Work item.
Some of the lines below need repeating. Reproduce exactly those between the lines holding "then show ?case" and "vs \<in> fst", inclusive.

Dataset entries
+ + + + + + +

lemma walk_split:
  "walk V vs es \<Longrightarrow> x \<in> set vs \<Longrightarrow>
    \<exists>us ws fs gs. walk V us fs \<and> walk V ws gs \<and> last us = x \<and> hd ws = x \<and>
      vs = us @ tl ws \<and> es = fs @ gs"
proof (induction V vs es rule: walk.induct)
  case (1 V v)
  then show ?case by (intro exI[of _ "[v]"] exI[of _ "[]"]) auto
next
  case (2 V v w vs e es)
  show ?case
  proof (cases "x = v")
    case True
    with "2.prems" show ?thesis
      by (intro exI[of _ "[v]"] exI[of _ "v # w # vs"] exI[of _ "[]"] exI[of _ "e # es"]) auto
  next
    case False
    with 2 obtain us ws fs gs where split: "walk V us fs" "walk V ws gs" "last us = x" "hd ws = x"
      "w # vs = us @ tl ws" "es = fs @ gs" by auto
    then obtain us' where "us = w # us'" using walk_nonempty by (cases us) auto
    with 2 split show ?thesis
      by (intro exI[of _ "v # us"] exI[of _ ws] exI[of _ "e # fs"] exI[of _ gs]) auto
  qed
qed auto

lemma closed_walk_rotate:
  assumes "walk V vs es" "hd vs = last vs" "x \<in> set vs"
  obtains ws fs gs where "walk V ws (gs @ fs)" "hd ws = x" "es = fs @ gs"
proof -
  obtain us ws fs gs where split: "walk V us fs" "walk V ws gs" "last us = x" "hd ws = x"
    "vs = us @ tl ws" "es = fs @ gs"
    using walk_split[OF assms(1,3)] by blast
  have "us \<noteq> []" "ws \<noteq> []" using split(1,2) walk_nonempty by blast+
  then have "hd us = hd vs" "last ws = last vs"
    using split(3-5) by (auto simp: hd_append) (cases ws; auto simp: last_append)
  then have "walk V (ws @ tl us) (gs @ fs)"
    using walk_append[OF split(2,1)] assms(2) by simp
  with \<open>ws \<noteq> []\<close> split(4,6) show thesis by (intro that[of "ws @ tl us"]) auto
qed

lemma walk_Cons_edge:
  assumes "walk V vs es" "card e = 2" "fst ` e \<subseteq> V" "hd vs \<in> fst ` e"
  obtains y where "walk V (y # vs) (e # es)"
proof -
  obtain h1 h2 where e: "e = {h1, h2}" using assms(2) card_2_iff by metis
  obtain y where y: "fst ` e = {y, hd vs}"
  proof (cases "hd vs = fst h1")
    case True
    then show thesis using e by (intro that[of "fst h2"]) auto
  next
    case False
    then show thesis using e assms(4) by (intro that[of "fst h1"]) auto
  qed
  obtain r where "vs = hd vs # r" using walk_nonempty[OF assms(1)] by (cases vs) auto
  then have "walk V (y # vs) (e # es)" using assms(1,3) y by (metis walk.simps(2) insert_subset)
  then show thesis by (rule that)
qed

lemma incidence_two_ends:
  assumes "card e = 2" "fst ` e = {v, w}"
  shows "incidence e x = (if x = v then 1 else 0) + (if x = w then 1 else 0)"
proof -
  obtain h1 h2 where e: "e = {h1, h2}" "h1 \<noteq> h2" using assms(1) card_2_iff by metis
  have "{h \<in> e. fst h = x} = (if fst h1 = x then {h1} else {}) \<union> (if fst h2 = x then {h2} else {})"
    using e(1) by auto
  then have "incidence e x = (if fst h1 = x then 1 else 0) + (if fst h2 = x then 1 else 0)"
    unfolding incidence_def using e(2) by (simp add: card_Un_disjoint)
  moreover have "{fst h1, fst h2} = {v, w}" using assms(2) e(1) by simp
  then have "fst h1 = v \<and> fst h2 = w \<or> fst h1 = w \<and> fst h2 = v"
    by (simp add: doubleton_eq_iff)
  ultimately show ?thesis by auto
qed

+ + + + + + +

Response below.
  then show ?case by (intro exI[of _ "[v]"] exI[of _ "[]"]) auto
next
  case (2 V v w vs e es)
  show ?case
  proof (cases "x = v")
    case True
    with "2.prems" show ?thesis
      by (intro exI[of _ "[v]"] exI[of _ "v # w # vs"] exI[of _ "[]"] exI[of _ "e # es"]) auto
  next
    case False
    with 2 obtain us ws fs gs where split: "walk V us fs" "walk V ws gs" "last us = x" "hd ws = x"
      "w # vs = us @ tl ws" "es = fs @ gs" by auto
    then obtain us' where "us = w # us'" using walk_nonempty by (cases us) auto
    with 2 split show ?thesis
      by (intro exI[of _ "v # us"] exI[of _ ws] exI[of _ "e # fs"] exI[of _ gs]) auto
  qed
qed auto

lemma closed_walk_rotate:
  assumes "walk V vs es" "hd vs = last vs" "x \<in> set vs"
  obtains ws fs gs where "walk V ws (gs @ fs)" "hd ws = x" "es = fs @ gs"
proof -
  obtain us ws fs gs where split: "walk V us fs" "walk V ws gs" "last us = x" "hd ws = x"
    "vs = us @ tl ws" "es = fs @ gs"
    using walk_split[OF assms(1,3)] by blast
  have "us \<noteq> []" "ws \<noteq> []" using split(1,2) walk_nonempty by blast+
  then have "hd us = hd vs" "last ws = last vs"
    using split(3-5) by (auto simp: hd_append) (cases ws; auto simp: last_append)
  then have "walk V (ws @ tl us) (gs @ fs)"
    using walk_append[OF split(2,1)] assms(2) by simp
  with \<open>ws \<noteq> []\<close> split(4,6) show thesis by (intro that[of "ws @ tl us"]) auto
qed

lemma walk_Cons_edge:
  assumes "walk V vs es" "card e = 2" "fst ` e \<subseteq> V" "hd vs \<in> fst ` e"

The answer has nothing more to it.